Once ex-div, the warrant was worthless, although a sharp NAB rally towards $30 would have created some value.

So you would have made a 43% return on your money, plus had free upside exposure.

Be on the lookout for short dated instalment warrants (trading at cash div value) around cum-div time.......


----------



## RichKid (28 December 2004)

Hi Crashy,
Thanks for pointing that out and for sharing,  I'm still not into these div strategies but I'm becoming really interested with people like you and Rozella showing the benefits of dividend plays.
I thought there were other costs associated with instalment warrants so didn't hold em but for short term plays around dividend time it may be a goer for me, hope I get this right, a bit more complicated than my usual trades. Might start looking at it early next year.

i'm currently in GLI after it went ex-div, this is not a tip but it may help you and guys like Rozella who know what they're doing. I bought into GLI recently for a longer term trade. Might mention this on Rozella's div thread...


----------



## Fab (9 September 2006)

I am new to installment warrant but would like to invest in one related to ZFX.
My view is I want to invest in one that expire around april next year so that give me time to get the 0.70 cents dividend due in october and hopefully get some benefit of a possible share rally in Nov/ December / Jan.

ZFX closed at 12.14 on the 09/09/06


ZFXIOI	Call	26/04/07	5.750	1	0.000	0.000	6.700

ZFXIZ7	Call	27/04/07	10.000	1	0.000	0.000	4.300

ZFXIZ8	Call	27/04/07	11.000	1	0.000	0.000	3.730


ZFXIOI is the installment warrant that appears to me the most attractive even thought it is priced at 6.70.
When dividend date comes if I buy 500 ZFXIOI does that mean I will get the dividend credited to my account for the equivalent of 500 ZFX shares ( ratio being 1/1) . ZFXIZ7 and ZFXIZ8 look good but the premium to pay appears a bit to expensive to me.
Is their anything I am over looking in the way I am approaching this installment warrant. Please let me know your feedback .

Cheers


----------



## Fab (12 September 2006)

I am wondering if buying an installment warrant few days before the dividend is due and then sell it few days after is a good strategy ?? Just to get the dividend bearing in mind that the total dividend paid for the financial year has to be below the $5000 .
My other question is what happen to an installment warrant after the last dividend of is paid , I suppose there would not be any reason for keeping it much longer therefore I am expecting its value to drop . Is that correct?
I am new to installment warrant and I am trying to make sense of them.

Thanks for your help


----------



## Fab (16 September 2006)

I am still trying to fully understand the best strategy in using installment warrant dividend stripping therefore I got the documentation from Macquarie bank.
One trading tip the say in their documentation is:
" When an American style warrant is deep in the money and a dividend is due on the underlying shares before the expiry date , the holder may be better off exercising the warrant early to receive the dividend. If this is the case then the warrant may actually fall in value when the underlying shares goes ex - dividend"
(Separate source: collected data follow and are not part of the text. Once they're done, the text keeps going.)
lemma sum_powers_recurrence:
  "real (Suc l) * (\<Sum>j<n. real j ^ l)
     = real n ^ Suc l - (\<Sum>t<l. real (Suc l choose t) * (\<Sum>j<n. real j ^ t))"
proof -
  have "real n ^ Suc l = (\<Sum>j<n. (real j + 1) ^ Suc l - real j ^ Suc l)"
    using sum_lessThan_telescope[of "\<lambda>j. real j ^ Suc l" n] by (simp add: add.commute)
  also have "\<dots> = (\<Sum>j<n. \<Sum>t\<le>l. real (Suc l choose t) * real j ^ t)"
  proof (intro sum.cong refl)
    fix j
    have "(real j + 1) ^ Suc l = (\<Sum>t\<le>Suc l. real (Suc l choose t) * real j ^ t)"
      using binomial_ring[of "real j" 1 "Suc l"] by simp
    then show "(real j + 1) ^ Suc l - real j ^ Suc l = (\<Sum>t\<le>l. real (Suc l choose t) * real j ^ t)"
      by (simp del: power_Suc)
  qed
  also have "\<dots> = (\<Sum>t\<le>l. real (Suc l choose t) * (\<Sum>j<n. real j ^ t))"
    by (subst sum.swap) (simp add: sum_distrib_left)
  also have "\<dots> = real (Suc l) * (\<Sum>j<n. real j ^ l) + (\<Sum>t<l. real (Suc l choose t) * (\<Sum>j<n. real j ^ t))"
    by (simp add: lessThan_Suc_atMost[symmetric])
  finally show ?thesis by simp
qed

lemma poly_seq_sum_powers: "poly_seq (Suc l) (\<lambda>n. \<Sum>j<n. real j ^ l)"
proof (induction l rule: less_induct)
  case (less l)
  have "(\<Sum>j<n. real j ^ l) = 1 / real (Suc l) *
          (real n ^ Suc l + (-1) * (\<Sum>t<l. real (Suc l choose t) * (\<Sum>j<n. real j ^ t)))" for n
    using sum_powers_recurrence[of l n] by (simp add: field_simps del: of_nat_Suc)
  moreover have "poly_seq (Suc l) (\<lambda>n. 1 / real (Suc l) *
          (real n ^ Suc l + (-1) * (\<Sum>t<l. real (Suc l choose t) * (\<Sum>j<n. real j ^ t))))"
    by (intro poly_seq_scale poly_seq_add poly_seq_power poly_seq_sum poly_seq_mono[OF less.IH]) auto
  ultimately show ?case by simp
qed

lemma poly_seq_partial_sums: "poly_seq D f \<Longrightarrow> poly_seq (Suc D) (\<lambda>n. \<Sum>j\<le>n. f j)"
proof -
  assume "poly_seq D f"
  then obtain q where q: "degree q \<le> D" "\<And>n. f n = poly q (real n)"
    unfolding poly_seq_def by blast
  have "(\<Sum>j\<le>n. f j) = (\<Sum>l\<le>D. coeff q l * ((\<Sum>j<n. real j ^ l) + real n ^ l))" for n
    unfolding q(2) poly_eq_sum_coeff[OF q(1)] sum_distrib_left distrib_left
    by (subst sum.swap) (simp add: lessThan_Suc_atMost[symmetric] sum.distrib)
  moreover have "poly_seq (Suc D) (\<lambda>n. \<Sum>l\<le>D. coeff q l * ((\<Sum>j<n. real j ^ l) + real n ^ l))"
    by (intro poly_seq_sum poly_seq_scale poly_seq_add poly_seq_mono[OF poly_seq_sum_powers]
          poly_seq_mono[OF poly_seq_power]) auto
  ultimately show ?thesis by simp
qed

lemma poly_seq_convolution:
  assumes f: "poly_seq D1 f" and g: "poly_seq D2 g"
  shows "poly_seq (D1 + D2 + 1) (\<lambda>n. \<Sum>j\<le>n. f j * g (n - j))"
proof -
  obtain q where q: "degree q \<le> D2" "\<And>n. g n = poly q (real n)"
    using g unfolding poly_seq_def by blast
  \<comment> \<open>Expand \<open>g (n - j)\<close> binomially in \<open>n\<close> and \<open>- j\<close>.\<close>
  let ?h = "\<lambda>l t n. real n ^ t * (\<Sum>j\<le>n. f j * (- real j) ^ (l - t))"
  have "(\<Sum>j\<le>n. f j * g (n - j)) = (\<Sum>l\<le>D2. \<Sum>t\<le>l. coeff q l * real (l choose t) * ?h l t n)" for n
  proof -
    have "g (n - j) = (\<Sum>l\<le>D2. \<Sum>t\<le>l. coeff q l * real (l choose t) * real n ^ t * (- real j) ^ (l - t))"
      if "j \<le> n" for j
    proof -
      have "g (n - j) = (\<Sum>l\<le>D2. coeff q l * (real n + - real j) ^ l)"
        using that by (simp add: q(2) poly_eq_sum_coeff[OF q(1)] of_nat_diff)
      then show ?thesis by (simp only: binomial_ring sum_distrib_left mult_ac)
    qed
    then have "(\<Sum>j\<le>n. f j * g (n - j))
        = (\<Sum>j\<le>n. \<Sum>l\<le>D2. \<Sum>t\<le>l. coeff q l * real (l choose t) * real n ^ t * (f j * (- real j) ^ (l - t)))"
      by (intro sum.cong[OF refl]) (simp add: sum_distrib_left mult_ac)
    also have "\<dots> = (\<Sum>l\<le>D2. \<Sum>j\<le>n. \<Sum>t\<le>l. coeff q l * real (l choose t) * real n ^ t * (f j * (- real j) ^ (l - t)))"
      by (rule sum.swap)
    also have "\<dots> = (\<Sum>l\<le>D2. \<Sum>t\<le>l. \<Sum>j\<le>n. coeff q l * real (l choose t) * real n ^ t * (f j * (- real j) ^ (l - t)))"
      by (rule sum.cong[OF refl], rule sum.swap)
    also have "\<dots> = (\<Sum>l\<le>D2. \<Sum>t\<le>l. coeff q l * real (l choose t) * ?h l t n)"
      by (simp only: sum_distrib_left mult.assoc)
    finally show ?thesis .
  qed
  moreover have "poly_seq (D1 + D2 + 1) (\<lambda>n. \<Sum>l\<le>D2. \<Sum>t\<le>l. coeff q l * real (l choose t) * ?h l t n)"
  proof (intro poly_seq_sum poly_seq_scale)
    fix l t assume "l \<in> {..D2}" "t \<in> {..l}"
    have "poly_seq (D1 + (l - t)) (\<lambda>j. f j * (- real j) ^ (l - t))"
      unfolding power_minus[of "real _"] by (rule poly_seq_mult[OF f poly_seq_scale[OF poly_seq_power]]) simp
    then show "poly_seq (D1 + D2 + 1) (?h l t)"
      by (rule poly_seq_mult[OF poly_seq_power poly_seq_partial_sums]) (use \<open>l \<in> _\<close> \<open>t \<in> _\<close> in auto)
  qed auto
  ultimately show ?thesis by simp
qed

lemma sum_sym_exps_rank_Suc:
  "(\<Sum>a\<in>sym_exps (Suc r) d. g a) = (\<Sum>j\<le>d. \<Sum>b\<in>sym_exps r (d - j). g (b(r := j)))"
proof -
  have "(\<lambda>a. a r) ` sym_exps (Suc r) d \<subseteq> {..d}" using sym_exps_le by auto
  then have "(\<Sum>a\<in>sym_exps (Suc r) d. g a) = (\<Sum>j\<le>d. \<Sum>a\<in>{a\<in>sym_exps (Suc r) d. a r = j}. g a)"
    by (intro sum.group[symmetric] finite_sym_exps) auto
  also have "\<dots> = (\<Sum>j\<le>d. \<Sum>b\<in>sym_exps r (d - j). g (b(r := j)))"
  proof (rule sum.cong[OF refl])
    fix j assume "j \<in> {..d}"
    then show "(\<Sum>a\<in>{a\<in>sym_exps (Suc r) d. a r = j}. g a) = (\<Sum>b\<in>sym_exps r (d - j). g (b(r := j)))"
      by (intro sum.reindex_bij_witness[where i = "\<lambda>b. b(r := j)" and j = "\<lambda>a. a(r := 0)"])
        (auto simp: sym_exps_def fun_eq_iff)
  qed
  finally show ?thesis .
qed

lemma sym_root_Suc_fun_upd: "sym_root (Suc r) x (b(r := j)) = sym_root r x b + real j * x r"
proof -
  have "(\<Sum>k<r. real ((b(r := j)) k) * x k) = (\<Sum>k<r. real (b k) * x k)"
    by (intro sum.cong) auto
  then show ?thesis unfolding sym_root_def by simp
qed
(* Let $\omega\colon\mathbf Z_+\to(0,+\infty)$ be a weight which is bounded from below. Then $\mathrm{span}[h_m(\mu,\cdot);\ m\ge0,\ \mu\in\mathbf D]$ is dense in $\mathcal X_\omega$. In particular, for $\omega=\omega_0$ with $\omega_0(n)=(n+1)/\pi$, the set $\{h_m(\mu,\cdot);\ m\ge0,\ \mu\in\mathbf D\}$ spans a dense subspace of $\mathcal X_{\omega_0}$.
   Context: $\mathbf D$ is the open unit disk. $\mathcal X_\omega$ is the Hilbert space of holomorphic functions $f(z)=\sum_{n\ge3}c_nz^n$ on $\mathbf D$ with $\|f\|_\omega^2=\sum_{n\ge3}|c_n|^2/\omega(n)<\infty$ (the quotient of the weighted Bergman space $\mathcal B^2_\omega$ by $\mathrm{span}[1,z,z^2]$). For $\mu\in\mathbf C$ and $m\ge1$, $h_m(\mu,z)=\sum_{n\ge0}\mu^n(z^{(6m+4)2^n}-z^{(2m+1)2^n})$, and $h_0(\mu,z)=\sum_{n\ge0}\mu^nz^{2^{n+2}}$; when $\omega$ is bounded from below these belong to $\mathcal X_\omega$ for $\mu\in\mathbf D$. *)

theory Defs
  imports "HOL-Analysis.Analysis"
begin

definition taylor_coef :: "(complex \<Rightarrow> complex) \<Rightarrow> nat \<Rightarrow> complex" where
  "taylor_coef f n = (deriv ^^ n) f 0 / of_nat (fact n)"

definition X_omega :: "(nat \<Rightarrow> real) \<Rightarrow> (complex \<Rightarrow> complex) set" where
  "X_omega \<omega> = {f. f holomorphic_on ball 0 1 \<and> (\<forall>n<3. taylor_coef f n = 0) \<and>
      summable (\<lambda>n. (cmod (taylor_coef f n))\<^sup>2 / \<omega> n)}"

definition norm_omega :: "(nat \<Rightarrow> real) \<Rightarrow> (complex \<Rightarrow> complex) \<Rightarrow> real" where
  "norm_omega \<omega> f = sqrt (\<Sum>n. (cmod (taylor_coef f n))\<^sup>2 / \<omega> n)"

definition h_fun :: "nat \<Rightarrow> complex \<Rightarrow> complex \<Rightarrow> complex" where
  "h_fun m \<mu> z = (if m = 0 then (\<Sum>n. \<mu> ^ n * z ^ (2 ^ (n + 2)))
     else (\<Sum>n. \<mu> ^ n * (z ^ ((6 * m + 4) * 2 ^ n) - z ^ ((2 * m + 1) * 2 ^ n))))"

definition h_span_dense :: "(nat \<Rightarrow> real) \<Rightarrow> bool" where
  "h_span_dense \<omega> \<longleftrightarrow>
     (\<forall>f \<in> X_omega \<omega>. \<forall>\<epsilon>>0. \<exists>(k::nat) (a::nat \<Rightarrow> complex) (ms::nat \<Rightarrow> nat) (\<mu>s::nat \<Rightarrow> complex).
        (\<forall>i<k. \<mu>s i \<in> ball 0 1) \<and>
        norm_omega \<omega> (\<lambda>z. f z - (\<Sum>i<k. a i * h_fun (ms i) (\<mu>s i) z)) < \<epsilon>)"

definition omega0 :: "nat \<Rightarrow> real" where
  "omega0 n = (real n + 1) / pi"

end

theory Submission
  imports Defs "HOL-Complex_Analysis.Complex_Analysis"
begin

(*
  Taking Taylor coefficients identifies X_omega with a weighted l^2 space of sequences vanishing
  below 3, and the coefficient sequence of h_m(mu, .) is sum_j mu^j v_(m,j) with
  v_(0,j) = e_(2^(j+2)) and v_(m,j) = e_((6m+4) 2^j) - e_((2m+1) 2^j). A closed subspace that
  contains such a power series for all small real mu contains each of its coefficients (subtract
  the lower ones, divide by mu^N and let mu -> 0), so every v_(m,j) lies in the closed span.
  Writing k = q 2^e with q odd, this puts e_(2^e) (e >= 2) and e_((3q+1) 2^e) - e_(q 2^e) into
  the closed span: one Collatz step. Rather than following the chain down to a power of two, use
  that it yields infinitely many k < k_1 < k_2 < ... with e_(k_i) - e_k in the closed span; the
  average of M of them lies within 1 / sqrt (M c) of e_k when omega >= c. Hence e_k is in the
  closed span for all k >= 3, and truncating Taylor series finishes the proof.
*)

definition unit_seq :: "nat \<Rightarrow> nat \<Rightarrow> complex" where
  "unit_seq k n = (if n = k then 1 else 0)"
Can anyone explain to me this statement . First I am not to share why this apply only to American style warrant and only when the warrant is deep in the money. I guess is what I want to avoid is buying an installment warrant that will be worth nothing after the dividend is paid on the share.
I am currently looking at buying a ZFX installment warrant before of the large dividend to be paid by ZFX.
 
Thanks for your help


----------